[EXTRACTED INFORMATION]

lemma odd_points_same_norm_dist_ge_8:
  fixes s1 s2 t1 t2 :: int
  assumes odd: "odd s1" "odd s2" "odd t1" "odd t2"
    and same_norm: "s1\<^sup>2 + s2\<^sup>2 = t1\<^sup>2 + t2\<^sup>2"
    and "(t1, t2) \<noteq> (s1, s2)"
    and "\<not> (t1 = - s1 \<and> t2 = s2 \<and> \<bar>s1\<bar> = 1)"
    and "\<not> (t1 = s1 \<and> t2 = - s2 \<and> \<bar>s2\<bar> = 1)"
  shows "(t1 - s1)\<^sup>2 + (t2 - s2)\<^sup>2 \<ge> 8"
proof (cases "t1 = s1 \<or> t2 = s2")
  case True
  then consider "t1 = s1" "t2 = - s2" "\<bar>s2\<bar> \<noteq> 1" | "t2 = s2" "t1 = - s1" "\<bar>s1\<bar> \<noteq> 1"
    using same_norm assms(6-8) by (auto simp: power2_eq_iff)
  then show ?thesis
  proof cases
    case 1
    then show ?thesis using odd_square_ge_9[of s2] odd by (simp add: power2_eq_square algebra_simps)
  next
    case 2
    then show ?thesis using odd_square_ge_9[of s1] odd by (simp add: power2_eq_square algebra_simps)
  qed
next
  case False
  then show ?thesis using even_nonzero_square_ge_4[of "t1 - s1"] even_nonzero_square_ge_4[of "t2 - s2"] odd
    by simp
qed

definition qam_point :: "real \<Rightarrow> real \<Rightarrow> int \<times> int \<Rightarrow> real \<times> real \<times> real" where
  "qam_point a b s = (a * of_int (fst s), a * of_int (snd s), b * ((of_int (fst s))\<^sup>2 + (of_int (snd s))\<^sup>2))"

lemma rx_mean_eq_qam_point:
  "rx_mean M \<Theta>1 \<Theta>2 P = qam_point (qam_k1 M * sqrt (\<Theta>1 * P)) ((qam_k1 M)\<^sup>2 * sqrt \<Theta>2 * P)"
  by (simp add: fun_eq_iff rx_mean_def qam_point_def)

definition qam_error_event ::
  "real \<Rightarrow> real \<Rightarrow> real \<Rightarrow> real \<Rightarrow> nat \<Rightarrow> int \<times> int \<Rightarrow> (real \<times> real \<times> real) set" where
  "qam_error_event a b s1sq s2sq m s =
     (\<Union>t\<in>qam_symbols m - {s}. {r. rx_exponent s1sq s2sq (qam_point a b t) r \<le> rx_exponent s1sq s2sq (qam_point a b s) r})"

lemma ml_cond_error_eq_measure:
  fixes M m :: nat and \<Theta>1 \<Theta>2 P :: real
  assumes "even m" "s1sq > 0" "s2sq > 0"
  defines "a \<equiv> qam_k1 M * sqrt (\<Theta>1 * P)" and "b \<equiv> (qam_k1 M)\<^sup>2 * sqrt \<Theta>2 * P"
  shows "ml_cond_error M m \<Theta>1 \<Theta>2 s1sq s2sq P s =
    measure (rx_law s1sq s2sq (qam_point a b s)) (qam_error_event a b s1sq s2sq m s)"
proof -
  have "ml_error_region M m \<Theta>1 \<Theta>2 s1sq s2sq P s = qam_error_event a b s1sq s2sq m s"
    using assms(2,3) unfolding ml_error_region_def qam_error_event_def a_def b_def
    by (auto simp: rx_mean_eq_qam_point rx_lik_le_iff)
  moreover have "qam_error_event a b s1sq s2sq m s \<in> sets borel"
    unfolding qam_error_event_def
    using finite_qam_symbols[OF assms(1)] by (intro sets.finite_UN) (auto simp: sets_borel_rx_exponent_le)
  ultimately show ?thesis
    unfolding ml_cond_error_def using integral_indicator_rx_lik
    by (simp add: a_def b_def rx_mean_eq_qam_point)
qed

lemma rx_exponent_qam_point:
  "rx_exponent s1sq s2sq (qam_point a b s) (qam_point a b t) =
    a\<^sup>2 * of_int ((fst t - fst s)\<^sup>2 + (snd t - snd s)\<^sup>2) / s1sq +
    (b * of_int ((fst t)\<^sup>2 + (snd t)\<^sup>2 - ((fst s)\<^sup>2 + (snd s)\<^sup>2)))\<^sup>2 / (2 * s2sq)"
  by (simp add: rx_exponent_def qam_point_def power2_eq_square algebra_simps)

lemma rx_exponent_qam_point_reflect_both:
  "rx_exponent s1sq s2sq (qam_point a b (- x, - y)) r - rx_exponent s1sq s2sq (qam_point a b (x, y)) r =
    (rx_exponent s1sq s2sq (qam_point a b (- x, y)) r - rx_exponent s1sq s2sq (qam_point a b (x, y)) r) +
    (rx_exponent s1sq s2sq (qam_point a b (x, - y)) r - rx_exponent s1sq s2sq (qam_point a b (x, y)) r)"
  by (simp add: rx_exponent_def qam_point_def add_divide_distrib diff_divide_distrib power2_eq_square algebra_simps)

context
  fixes a b s1sq s2sq :: real and m :: nat
  assumes a: "a > 0" and s1sq: "s1sq > 0" and s2sq: "s2sq > 0" and m: "even m"
    and energy_gap: "8 * a\<^sup>2 / s1sq \<le> b\<^sup>2 / (2 * s2sq)"
  \<comment> \<open>Symbols of different energy are then at least as well separated through Y2 as the far
    symbols of equal energy are through Y1; this holds for large P since b grows like P and a like
    sqrt P.\<close>
begin

abbreviation (input) "law s \<equiv> rx_law s1sq s2sq (qam_point a b s)"
abbreviation (input) "pair_event s t \<equiv>
  {r. rx_exponent s1sq s2sq (qam_point a b t) r \<le> rx_exponent s1sq s2sq (qam_point a b s) r}"
abbreviation (input) "Q_near \<equiv> Q_func (sqrt 2 * a / sqrt s1sq)"
abbreviation (input) "far_bound \<equiv> exp (- 2 * a\<^sup>2 / s1sq)"

lemma amp_div_sqrt_half: "a / sqrt (s1sq / 2) = sqrt 2 * a / sqrt s1sq"
  using s1sq by (simp add: real_sqrt_divide field_simps)

lemma measure_pair_event_mirror_fst:
  assumes "\<bar>fst s\<bar> = 1"
  shows "measure (law s) (pair_event s (- fst s, snd s)) = Q_near"
  using measure_rx_law_reflect_fst[OF s1sq s2sq, of "a * of_int (fst s)" "a * of_int (snd s)"] assms a
  by (simp add: qam_point_def abs_mult amp_div_sqrt_half flip: of_int_abs)

lemma measure_pair_event_mirror_snd:
  assumes "\<bar>snd s\<bar> = 1"
  shows "measure (law s) (pair_event s (fst s, - snd s)) = Q_near"
  using measure_rx_law_reflect_snd[OF s1sq s2sq, of "a * of_int (snd s)" "a * of_int (fst s)"] assms a
  by (simp add: qam_point_def abs_mult amp_div_sqrt_half flip: of_int_abs)

lemma rx_exponent_qam_point_far:
  assumes "s \<in> qam_symbols m" "t \<in> qam_symbols m" "t \<noteq> s"
    and "\<not> (t = (- fst s, snd s) \<and> \<bar>fst s\<bar> = 1)" "\<not> (t = (fst s, - snd s) \<and> \<bar>snd s\<bar> = 1)"
  shows "8 * a\<^sup>2 / s1sq \<le> rx_exponent s1sq s2sq (qam_point a b s) (qam_point a b t)"
proof -
  define d where "d = (fst t - fst s)\<^sup>2 + (snd t - snd s)\<^sup>2"
  define \<Delta> where "\<Delta> = (fst t)\<^sup>2 + (snd t)\<^sup>2 - ((fst s)\<^sup>2 + (snd s)\<^sup>2)"
  have exponent: "rx_exponent s1sq s2sq (qam_point a b s) (qam_point a b t) =
      a\<^sup>2 * of_int d / s1sq + (b * of_int \<Delta>)\<^sup>2 / (2 * s2sq)"
    by (simp add: rx_exponent_qam_point d_def \<Delta>_def)
  show ?thesis
  proof (cases "\<Delta> = 0")
    case True
    have "d \<ge> 8"
      unfolding d_def using True assms qam_symbols_odd[of s m] qam_symbols_odd[of t m]
      by (intro odd_points_same_norm_dist_ge_8) (auto simp: \<Delta>_def prod_eq_iff)
    then have "a\<^sup>2 * 8 / s1sq \<le> a\<^sup>2 * of_int d / s1sq"
      using s1sq by (intro divide_right_mono mult_left_mono) auto
    then show ?thesis using True by (simp add: exponent mult.commute)
  next
    case False
    then have "1 \<le> \<Delta>\<^sup>2" by (simp add: int_one_le_iff_zero_less)
    then have "(1::real) \<le> (of_int \<Delta>)\<^sup>2" by (metis of_int_1 of_int_le_iff of_int_power)
    then have "b\<^sup>2 * 1 \<le> b\<^sup>2 * (of_int \<Delta>)\<^sup>2" by (intro mult_left_mono) auto
    then have "b\<^sup>2 / (2 * s2sq) \<le> (b * of_int \<Delta>)\<^sup>2 / (2 * s2sq)"
      using s2sq by (intro divide_right_mono) (auto simp: power_mult_distrib)
    moreover have "0 \<le> a\<^sup>2 * of_int d / s1sq" unfolding d_def using s1sq by simp
    ultimately show ?thesis using energy_gap by (simp add: exponent)
  qed
qed

lemma measure_pair_event_far:
  assumes "s \<in> qam_symbols m" "t \<in> qam_symbols m" "t \<noteq> s"
    and "\<not> (t = (- fst s, snd s) \<and> \<bar>fst s\<bar> = 1)" "\<not> (t = (fst s, - snd s) \<and> \<bar>snd s\<bar> = 1)"
  shows "measure (law s) (pair_event s t) \<le> far_bound"
proof -
  have "measure (law s) (pair_event s t) \<le> exp (- rx_exponent s1sq s2sq (qam_point a b s) (qam_point a b t) / 4)"
    by (rule measure_rx_law_pairwise_error_le[OF s1sq s2sq])
  also have "\<dots> \<le> far_bound"
    using rx_exponent_qam_point_far[OF assms] by simp
  finally show ?thesis .
qed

[/EXTRACTED INFORMATION]

* _PROBLEM_: Look above for the line that contains "s \<in> sets". Starting there, transcribe every line exactly until you have copied the line that contains "a\<^sup>2 * of_int ((fst".

* _EXERCISE RESULT_:
  moreover have "qam_error_event a b s1sq s2sq m s \<in> sets borel"
    unfolding qam_error_event_def
    using finite_qam_symbols[OF assms(1)] by (intro sets.finite_UN) (auto simp: sets_borel_rx_exponent_le)
  ultimately show ?thesis
    unfolding ml_cond_error_def using integral_indicator_rx_lik
    by (simp add: a_def b_def rx_mean_eq_qam_point)
qed

lemma rx_exponent_qam_point:
  "rx_exponent s1sq s2sq (qam_point a b s) (qam_point a b t) =
    a\<^sup>2 * of_int ((fst t - fst s)\<^sup>2 + (snd t - snd s)\<^sup>2) / s1sq +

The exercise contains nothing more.